Proxycizer 0.9 source code walk-through
The purpose of this document is to give an overview of the code layout and programming style of the package, and to make it easier for anyone (including myself) to extend it. If there isn't much documentation on this page for a particular class or program, chances are you'll find plenty of comments in the source, so please look there too. This document stays pretty high level, and describes the relationship between classes, not necessarily the implementation or interfaces themselves.
The code is split between two directories:
- libsrc, which contains the code for the Proxycizer libry, containing nearly all classes used in the package, and
- progsrc, which contains the stand-alone programs' top-level procedures (such as main).
libsrc/
Proxy classes
Not referring to the Proxy Class pattern, but to a set of classes that simulate web proxy-ish behavior.
- libsrc/Proxy.h
- All classes below inherit from the abstract base class Proxy, which mainly exports Proxy_request and Proxy_response types, and a Proxy::Request() method to accept requests. The Proxy class itself does nothing. It merely provides a common interface; derived classes must do all the work. A ProxyStats object is included in this class; most derived classes add their own stats to this so just calling the ProxyStats::Print() method on it will print out stats for all superclasses of the object.
- libsrc/ProxyCache.{h,cc}
- Sticks a basic cache with LRU replacement onto the proxy.
- libsrc/ProxyCacheQueryable.{h,cc}
- Derived from ProxyCache, this class adds a querying mechanism (using the Query method), so that other caches may find out if this cache is holding a specific object.
- libsrc/ProxyDB.h
- libsrc/ProxyCRISP.{h,cc}
- libsrc/ProxyHarvest.{h,cc}
- libsrc/ProxyRD.{h,cc}
- libsrc/ProxyRPDSD.{h,cc}
- libsrc/ProxyRPDSDCS.{h,cc}
- libsrc/ProxyRPDSDMS.{h,cc}
- The "bottom-level" (final, to use a Java term) classes that complete the implementations of specific proxy simulators. ProxyDB is a special class that uses a db file to return the correct sized object.
Trace readers
These classes are used to iterate over traces.
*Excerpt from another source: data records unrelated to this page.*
lemma card_lattice_ball_le_volume:
  fixes B :: "real^'m^'d" and z :: "real^'d"
  assumes inj: "inj ((*v) B)" and r: "r \<ge> 0"
  shows "real (card {f \<in> lattice B. norm (z - f) < r})
           \<le> unit_ball_vol CARD('m) * (r + sqrt CARD('m) * spec_norm B) ^ CARD('m) / vol_det B"
proof -
  obtain A :: "real^'m ord_copy \<Rightarrow> real^'m ord_copy" and g
    where A: "linear A" "\<And>y. norm (A y) = norm (B *v relabel y)" "\<bar>det (matrix A)\<bar> = vol_det B"
      and sub: "{f \<in> lattice B. norm (z - f) < r}
                  \<subseteq> (\<lambda>y. B *v relabel y) ` {y \<in> int_vecs. norm (A y - g) < r}"
    by (rule lattice_ball_isometric_model[OF inj]) (rule that)
  let ?Y = "{y \<in> int_vecs. norm (A y - g) < r}"
  have \<sigma>: "sigma_min B * norm y \<le> norm (A y)" for y
    using sigma_min_mult_norm_le[of B "relabel y"] by (simp add: A(2))
  note fin = card_int_vecs_near_le_spectral(1)[OF A(1) sigma_min_pos[OF inj] \<sigma> r, of g]
  have "norm (A y) \<le> spec_norm B * norm y" for y
    using norm_matrix_vector_le_spec_norm[of B "relabel y"] by (simp add: A(2))
  then have vol: "vol_det B * real (card ?Y)
      \<le> unit_ball_vol CARD('m) * (r + sqrt CARD('m) * spec_norm B) ^ CARD('m)"
    using card_int_vecs_near_le_volume[OF A(1) _ r fin order_refl] by (simp add: A(3))
  have "inj A"
    unfolding linear_injective_0[OF A(1)]
  proof (intro allI impI)
    fix y assume "A y = 0"
    then have "sigma_min B * norm y \<le> 0"
      using \<sigma>[of y] by simp
    then show "y = 0"
      using sigma_min_pos[OF inj] by (simp add: mult_le_0_iff)
  qed
  then have "vol_det B > 0"
    using det_nz_iff_inj[OF A(1)] A(3) by simp
  have "card {f \<in> lattice B. norm (z - f) < r} \<le> card ?Y"
    by (rule surj_card_le[OF fin sub])
  then have "real (card {f \<in> lattice B. norm (z - f) < r}) \<le> real (card ?Y)"
    by (simp only: of_nat_le_iff)
  also have "real (card ?Y) \<le> unit_ball_vol CARD('m) * (r + sqrt CARD('m) * spec_norm B) ^ CARD('m) / vol_det B"
    using vol by (simp add: pos_le_divide_eq[OF \<open>vol_det B > 0\<close>] mult.commute[of "real (card ?Y)"])
  finally show ?thesis .
qed

theorem lemma10p2:
  fixes B :: "real^'m^'d" and L :: "(real^'d) set" and D T :: real
  assumes indep: "inj (\<lambda>c. B *v c)"
    and finL: "finite L" and D: "D > 0" and T: "T > 0"
  defines "kt \<equiv> card {f \<in> lattice B. \<exists>f'\<in>L. norm (f' - f) < D / T}"
  shows "real kt \<le> real (card L) * (1 + 2 * D / (T * sigma_min B)) ^ CARD('m)
    \<and> real kt \<le> real (card L) * (D / T + sqrt (real CARD('m)) * spec_norm B) ^ CARD('m)
                   * (pi powr (real CARD('m) / 2) / Gamma (real CARD('m) / 2 + 1))
                   * (1 / vol_det B)"
proof -
  define S where "S z = {f \<in> lattice B. norm (z - f) < D / T}" for z
  have r: "D / T \<ge> 0" using D T by simp
  have "{f \<in> lattice B. \<exists>f'\<in>L. norm (f' - f) < D / T} = (\<Union>z\<in>L. S z)"
    by (auto simp: S_def)
  then have "real kt \<le> (\<Sum>z\<in>L. real (card (S z)))"
    unfolding kt_def using card_UN_le[OF finL, of S] by (simp flip: of_nat_sum)
  moreover have "(\<Sum>z\<in>L. real (card (S z))) \<le> real (card L) * (1 + 2 * D / (T * sigma_min B)) ^ CARD('m)"
    using card_lattice_ball_le_spectral[OF indep r] by (intro sum_bounded_above) (simp add: S_def)
  moreover have "(\<Sum>z\<in>L. real (card (S z)))
      \<le> real (card L) * (unit_ball_vol CARD('m) * (D / T + sqrt CARD('m) * spec_norm B) ^ CARD('m) / vol_det B)"
    using card_lattice_ball_le_volume[OF indep r] by (intro sum_bounded_above) (simp add: S_def)
  ultimately show ?thesis
    by (simp add: unit_ball_vol_def mult_ac)
qed

end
- libsrc/TraceReader.{h,cc}
- This base class takes care of opening files/pipes and providing iterator methods. It should templated on a type (typically derived from LogEntry) that provides the method GetOps(), which should return a pointer to a new object of type LogEntryOps. If constructed using a filename, it will also accept compressed files (assuming the file has an extension .gz).
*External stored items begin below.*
lemma card_adj_in_cells:
  assumes hrp: "highly_regular_partition V E m C P"
    and u: "u \<in> V" and T: "T \<subseteq> {1..m}" and l: "l \<in> {1..m}" "y \<in> P u l"
  shows "card {x \<in> (\<Union>t\<in>T. P u t). E x y} = (\<Sum>t\<in>T. C t l)"
proof -
  note cells = highly_regular_partition_cells[OF hrp u]
  have "finite T" using T finite_subset by blast
  have finite_cells: "finite {x \<in> P u t. E x y}" if "t \<in> T" for t
  proof -
    have "P u t \<subseteq> V" using cells(1) T that by blast
    then have "finite (P u t)" using highly_regular_partition_finite[OF hrp] finite_subset by blast
    then show ?thesis by simp
  qed
  have disjoint: "{x \<in> P u t. E x y} \<inter> {x \<in> P u t'. E x y} = {}"
    if "t \<in> T" "t' \<in> T" "t \<noteq> t'" for t t'
    using cells(2) T that by blast
  have "{x \<in> (\<Union>t\<in>T. P u t). E x y} = (\<Union>t\<in>T. {x \<in> P u t. E x y})" by blast
  also have "card \<dots> = (\<Sum>t\<in>T. card {x \<in> P u t. E x y})"
    using \<open>finite T\<close> finite_cells disjoint by (intro card_UN_disjoint) auto
  also have "\<dots> = (\<Sum>t\<in>T. C t l)"
    using cells(3) T l by (intro sum.cong) auto
  finally show ?thesis .
qed

lemma layer_degrees_eq_CAM_sums:
  assumes hrp: "highly_regular_partition V E m C P" and u: "u \<in> V"
    and "S i \<subseteq> {1..m}" "S j \<subseteq> {1..m}"
    and layer_i: "dist_layer V E i u = (\<Union>t\<in>S i. P u t)"
    and layer_j: "dist_layer V E j u = (\<Union>t\<in>S j. P u t)"
  shows "layer_degrees V E i j u = {\<Sum>t\<in>S i. C t l | l. l \<in> S j}"
proof -
  have degree: "layer_degree V E i u y = (\<Sum>t\<in>S i. C t l)" if "l \<in> S j" "y \<in> P u l" for l y
    unfolding layer_degree_def layer_i
    using card_adj_in_cells[OF hrp u \<open>S i \<subseteq> {1..m}\<close>] assms(4) that by blast
  show ?thesis
    unfolding layer_degrees_def layer_j
  proof (intro equalityI subsetI)
    fix a assume "a \<in> layer_degree V E i u ` (\<Union>t\<in>S j. P u t)"
    then show "a \<in> {\<Sum>t\<in>S i. C t l | l. l \<in> S j}" using degree by fastforce
  next
    fix a assume "a \<in> {\<Sum>t\<in>S i. C t l | l. l \<in> S j}"
    then obtain l where l: "l \<in> S j" "a = (\<Sum>t\<in>S i. C t l)" by blast
    moreover obtain y where "y \<in> P u l"
      using highly_regular_partition_cells(1)[OF hrp u] assms(4) l(1) by blast
    ultimately show "a \<in> layer_degree V E i u ` (\<Union>t\<in>S j. P u t)"
      using degree by (metis UN_iff image_eqI)
  qed
qed
(* Let $C=(C_1,\dots,C_L)$ be a random vector whose components $C_i$ are discrete (finite-valued) and mutually independent, with prior $p(C)=\prod_{i=1}^L p(C_i)$, so that $\mathbb{I}(C;\hat X)$ is bounded from above by $\mathbb{H}(C)$. Let $Z'$ be a noise vector independent of $C$, let $\mathcal{G}$ be a generator, and let $\hat X=\mathcal{G}(Z',C)$ be the generated image. Let $Q(C\mid \hat X)$ be an auxiliary (approximate posterior) conditional distribution of mean-field form, $Q(C\mid\hat X)=\prod_{i=1}^L Q(C_i\mid \hat X)$. Define $$L_{\text{info}}(\mathcal{G},Q)=\mathbb{E}_{C\sim p(C),\,\hat X\sim \mathcal{G}(Z',C)}\big[\log Q(C\mid\hat X)-\log p(C)\big].$$ Then, when $L_{\text{info}}(\mathcal{G},Q)\to \mathbb{I}(C;\hat X)$, the conditional total correlation satisfies $\mathbb{TC}(C\mid\hat X)\to 0$ almost everywhere in $\hat X$.
   Context: Here $\hat X\sim\mathcal{G}(Z',C)$ denotes sampling from the conditional distribution $p(\hat X\mid C)$ induced by the generator (with randomness from $Z'$ and any internal noise). $\mathbb{I}$ denotes mutual information and $\mathbb{H}$ entropy. For a realization $\hat x$ of $\hat X$, the total correlation of $C$ given $\hat X=\hat x$ is $$\mathbb{TC}(C\mid\hat X=\hat x)=D_{KL}\Big(p(C\mid\hat X=\hat x)\,\Big\|\,\prod_{i=1}^L p(C_i\mid \hat X=\hat x)\Big),$$ where $p(C\mid\hat X)$ is the true posterior and $D_{KL}$ is the Kullback–Leibler divergence. *)

theory Defs
  imports "HOL-Probability.Probability"
begin

text \<open>Latent code C = (C_0,...,C_{L-1}) with C_i taking values in the finite set S i;
  a code is a function c with c \<in> PiE {..<L} S.  The generator G(Z',C) is represented by the conditional law of
  the image given C, given by densities f c w.r.t. a reference measure M on image space.\<close>

definition joint_prior :: "nat \<Rightarrow> (nat \<Rightarrow> 'a \<Rightarrow> real) \<Rightarrow> (nat \<Rightarrow> 'a) \<Rightarrow> real" where
  "joint_prior L p c = (\<Prod>i<L. p i (c i))"

definition marg_dens ::
  "nat \<Rightarrow> (nat \<Rightarrow> 'a set) \<Rightarrow> (nat \<Rightarrow> 'a \<Rightarrow> real) \<Rightarrow> ((nat \<Rightarrow> 'a) \<Rightarrow> 'b \<Rightarrow> real) \<Rightarrow> 'b \<Rightarrow> real" where
  "marg_dens L S p f x = (\<Sum>c\<in>PiE {..<L} S. joint_prior L p c * f c x)"

definition posterior ::
  "nat \<Rightarrow> (nat \<Rightarrow> 'a set) \<Rightarrow> (nat \<Rightarrow> 'a \<Rightarrow> real) \<Rightarrow> ((nat \<Rightarrow> 'a) \<Rightarrow> 'b \<Rightarrow> real) \<Rightarrow> (nat \<Rightarrow> 'a) \<Rightarrow> 'b \<Rightarrow> real" where
  "posterior L S p f c x = joint_prior L p c * f c x / marg_dens L S p f x"

definition post_marg ::
  "nat \<Rightarrow> (nat \<Rightarrow> 'a set) \<Rightarrow> (nat \<Rightarrow> 'a \<Rightarrow> real) \<Rightarrow> ((nat \<Rightarrow> 'a) \<Rightarrow> 'b \<Rightarrow> real) \<Rightarrow> nat \<Rightarrow> 'b \<Rightarrow> 'a \<Rightarrow> real" where
  "post_marg L S p f i x v = (\<Sum>c\<in>{c\<in>PiE {..<L} S. c i = v}. posterior L S p f c x)"

definition total_corr_given ::
  "nat \<Rightarrow> (nat \<Rightarrow> 'a set) \<Rightarrow> (nat \<Rightarrow> 'a \<Rightarrow> real) \<Rightarrow> ((nat \<Rightarrow> 'a) \<Rightarrow> 'b \<Rightarrow> real) \<Rightarrow> 'b \<Rightarrow> real" where
  "total_corr_given L S p f x =
     (\<Sum>c\<in>PiE {..<L} S. posterior L S p f c x *
        ln (posterior L S p f c x / (\<Prod>i<L. post_marg L S p f i x (c i))))"

definition mutual_info ::
  "nat \<Rightarrow> (nat \<Rightarrow> 'a set) \<Rightarrow> (nat \<Rightarrow> 'a \<Rightarrow> real) \<Rightarrow> ((nat \<Rightarrow> 'a) \<Rightarrow> 'b \<Rightarrow> real) \<Rightarrow> 'b measure \<Rightarrow> real" where
  "mutual_info L S p f M =
     (\<integral>x. (\<Sum>c\<in>PiE {..<L} S. joint_prior L p c * f c x *
        ln (posterior L S p f c x / joint_prior L p c)) \<partial>M)"

definition mf_Q :: "nat \<Rightarrow> (nat \<Rightarrow> 'b \<Rightarrow> 'a \<Rightarrow> real) \<Rightarrow> (nat \<Rightarrow> 'a) \<Rightarrow> 'b \<Rightarrow> real" where
  "mf_Q L q c x = (\<Prod>i<L. q i x (c i))"

definition L_info_integrand ::
  "nat \<Rightarrow> (nat \<Rightarrow> 'a set) \<Rightarrow> (nat \<Rightarrow> 'a \<Rightarrow> real) \<Rightarrow> ((nat \<Rightarrow> 'a) \<Rightarrow> 'b \<Rightarrow> real)
     \<Rightarrow> (nat \<Rightarrow> 'b \<Rightarrow> 'a \<Rightarrow> real) \<Rightarrow> 'b \<Rightarrow> real" where
  "L_info_integrand L S p f q x =
     (\<Sum>c\<in>PiE {..<L} S. joint_prior L p c * f c x * (ln (mf_Q L q c x) - ln (joint_prior L p c)))"

definition L_info ::
  "nat \<Rightarrow> (nat \<Rightarrow> 'a set) \<Rightarrow> (nat \<Rightarrow> 'a \<Rightarrow> real) \<Rightarrow> ((nat \<Rightarrow> 'a) \<Rightarrow> 'b \<Rightarrow> real)
     \<Rightarrow> (nat \<Rightarrow> 'b \<Rightarrow> 'a \<Rightarrow> real) \<Rightarrow> 'b measure \<Rightarrow> real" where
  "L_info L S p f q M = (\<integral>x. L_info_integrand L S p f q x \<partial>M)"

end

theory Submission
  imports Defs
begin

text \<open>For a fixed image x, the chain rule for relative entropy splits the divergence of the
  posterior p(C | x) from a mean-field Q(C | x) into the total correlation TC(C | x) plus the
  divergences of the posterior marginals from the factors of Q.  By Gibbs' inequality all these
  terms are nonnegative, so TC(C | x) is bounded by that divergence, and weighted with the
  marginal density m(x) the divergence is exactly the integrand of I(C; X) - L_info(G, Q).  Thus
  the nonnegative function m * TC has integral at most a gap tending to 0, so it vanishes
  almost everywhere.\<close>

lemma gibbs_inequality:
  fixes P R :: "'c \<Rightarrow> real"
  assumes "finite A" and P_nonneg: "\<And>a. a \<in> A \<Longrightarrow> 0 \<le> P a" and "sum P A = 1"
    and "sum R A \<le> 1" and R_nonneg: "\<And>a. a \<in> A \<Longrightarrow> 0 \<le> R a"
    and R_pos: "\<And>a. a \<in> A \<Longrightarrow> 0 < P a \<Longrightarrow> 0 < R a"
  shows "0 \<le> (\<Sum>a\<in>A. P a * ln (P a / R a))"
proof -
  have "P a - R a \<le> P a * ln (P a / R a)" if a: "a \<in> A" for a
  proof (cases "P a = 0")
    case True
    then show ?thesis using R_nonneg[OF a] by simp
  next
    case False
    then have "0 < P a" "0 < R a" using P_nonneg[OF a] R_pos[OF a] by auto
    moreover have "ln (R a / P a) \<le> R a / P a - 1"
      using \<open>0 < P a\<close> \<open>0 < R a\<close> by (intro ln_le_minus_one) simp
    ultimately have "1 - R a / P a \<le> ln (P a / R a)" by (simp add: ln_div)
    then have "P a * (1 - R a / P a) \<le> P a * ln (P a / R a)"
      using \<open>0 < P a\<close> by (intro mult_left_mono) auto
    moreover have "P a * (1 - R a / P a) = P a - R a" using \<open>0 < P a\<close> by (simp add: field_simps)
    ultimately show ?thesis by simp
  qed
  then have "(\<Sum>a\<in>A. P a - R a) \<le> (\<Sum>a\<in>A. P a * ln (P a / R a))"
    by (rule sum_mono)
  then show ?thesis using assms by (simp add: sum_subtractf)
qed

definition marginal :: "nat \<Rightarrow> (nat \<Rightarrow> 'a set) \<Rightarrow> ((nat \<Rightarrow> 'a) \<Rightarrow> real) \<Rightarrow> nat \<Rightarrow> 'a \<Rightarrow> real" where
  "marginal L S P i v = (\<Sum>c\<in>{c \<in> PiE {..<L} S. c i = v}. P c)"

lemma sum_PiE_eq_sum_marginal:
  assumes "\<And>i. i < L \<Longrightarrow> finite (S i)" and "i < L"
  shows "(\<Sum>c\<in>PiE {..<L} S. P c * h (c i)) = (\<Sum>v\<in>S i. marginal L S P i v * h v)"
proof -
  have "(\<Sum>v\<in>S i. marginal L S P i v * h v)
      = (\<Sum>v\<in>S i. \<Sum>c\<in>{c \<in> PiE {..<L} S. c i = v}. P c * h (c i))"
    unfolding marginal_def sum_distrib_right by (intro sum.cong) auto
  also have "\<dots> = (\<Sum>c\<in>PiE {..<L} S. P c * h (c i))"
    using assms by (intro sum.group finite_PiE) auto
  finally show ?thesis by simp
qed

lemma sum_marginal:
  assumes "\<And>i. i < L \<Longrightarrow> finite (S i)" and "i < L"
  shows "(\<Sum>v\<in>S i. marginal L S P i v) = (\<Sum>c\<in>PiE {..<L} S. P c)"
  using sum_PiE_eq_sum_marginal[OF assms, where h = "\<lambda>_. 1"] by simp

lemma marginal_nonneg:
  assumes "\<And>c. c \<in> PiE {..<L} S \<Longrightarrow> 0 \<le> P c"
  shows "0 \<le> marginal L S P i v"
  unfolding marginal_def using assms by (intro sum_nonneg) auto

lemma le_marginal:
  assumes "\<And>i. i < L \<Longrightarrow> finite (S i)" and "\<And>c. c \<in> PiE {..<L} S \<Longrightarrow> 0 \<le> P c"
    and "c \<in> PiE {..<L} S"
  shows "P c \<le> marginal L S P i (c i)"
  unfolding marginal_def using assms finite_PiE[of "{..<L}" S] by (intro member_le_sum) auto


lemma total_correlation_nonneg:
  assumes fin: "\<And>i. i < L \<Longrightarrow> finite (S i)"
    and P_nonneg: "\<And>c. c \<in> PiE {..<L} S \<Longrightarrow> 0 \<le> P c"
    and P_sum: "(\<Sum>c\<in>PiE {..<L} S. P c) = 1"
  shows "0 \<le> (\<Sum>c\<in>PiE {..<L} S. P c * ln (P c / (\<Prod>i<L. marginal L S P i (c i))))"
proof (rule gibbs_inequality)
  have "(\<Sum>c\<in>PiE {..<L} S. \<Prod>i<L. marginal L S P i (c i)) = (\<Prod>i<L. \<Sum>v\<in>S i. marginal L S P i v)"
    using fin by (subst prod_sum_PiE) auto
  also have "\<dots> = 1"
    using fin P_sum by (simp add: sum_marginal)
  finally show "(\<Sum>c\<in>PiE {..<L} S. \<Prod>i<L. marginal L S P i (c i)) \<le> 1" by simp
  show "0 < (\<Prod>i<L. marginal L S P i (c i))" if "c \<in> PiE {..<L} S" "0 < P c" for c
    using le_marginal[where P = P, OF fin P_nonneg that(1)] that(2)
    by (intro prod_pos) (auto intro: less_le_trans)
  show "finite (PiE {..<L} S)"
    using fin by (intro finite_PiE) auto
  show "0 \<le> (\<Prod>i<L. marginal L S P i (c i))" for c
    by (intro prod_nonneg marginal_nonneg P_nonneg)
qed (use P_nonneg P_sum in auto)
- libsrc/TraceReaderSequence.{h,cc}
- Use this class to treat several proxy trace logs as one large (concatenated) log. The TraceReaderSequence::Open() method can be called more than once to set up a series of log files. TraceReaderSequence is a TraceReader, and acts just like one. Even First() works correctly.
- libsrc/BufferedTraceReader.{h,cc}
- BufferedTraceReader keeps a buffer cache of entries while walking through the log. The "B-" versions of the iterator methods add elements to the buffer cache, and allow the user to traverse the buffer cache, reaccessing previously seen elements. Elements are deleted with BufferedTraceReader::BDelete; any element in the buffer cache can be deleted using this method.
Proxy trace writers
- libsrc/TraceWriter.{h,cc}
- This is fairly self explanatory. Similar to TraceReader, but exports a Write() method to write a entry (of templated type, usually derived from LogEntry) to a file.
Log entry classes
The opening of files is done by the TraceReader classes described previously, but the reading and parsing of a log entry is delegated to these classes and their corresponding -Ops classes. The data classes are all derived from LogEntry. They represent the data contained in one log entry. The operation classes are all derived from LogEntryOps. These define a mechanism for reading/writing their corresponding data class from/to their external representations via a file/pipe/stream/buffer. A LogEntryOps class exports the following methods:
All "read" methods return a new LogEntry in *lepp if *lepp == NULL. Otherwise they assume that *lepp points to enough storage to hold the resulting LogEntry. UberLogEntrys are a special case. See UberLogEntry for details.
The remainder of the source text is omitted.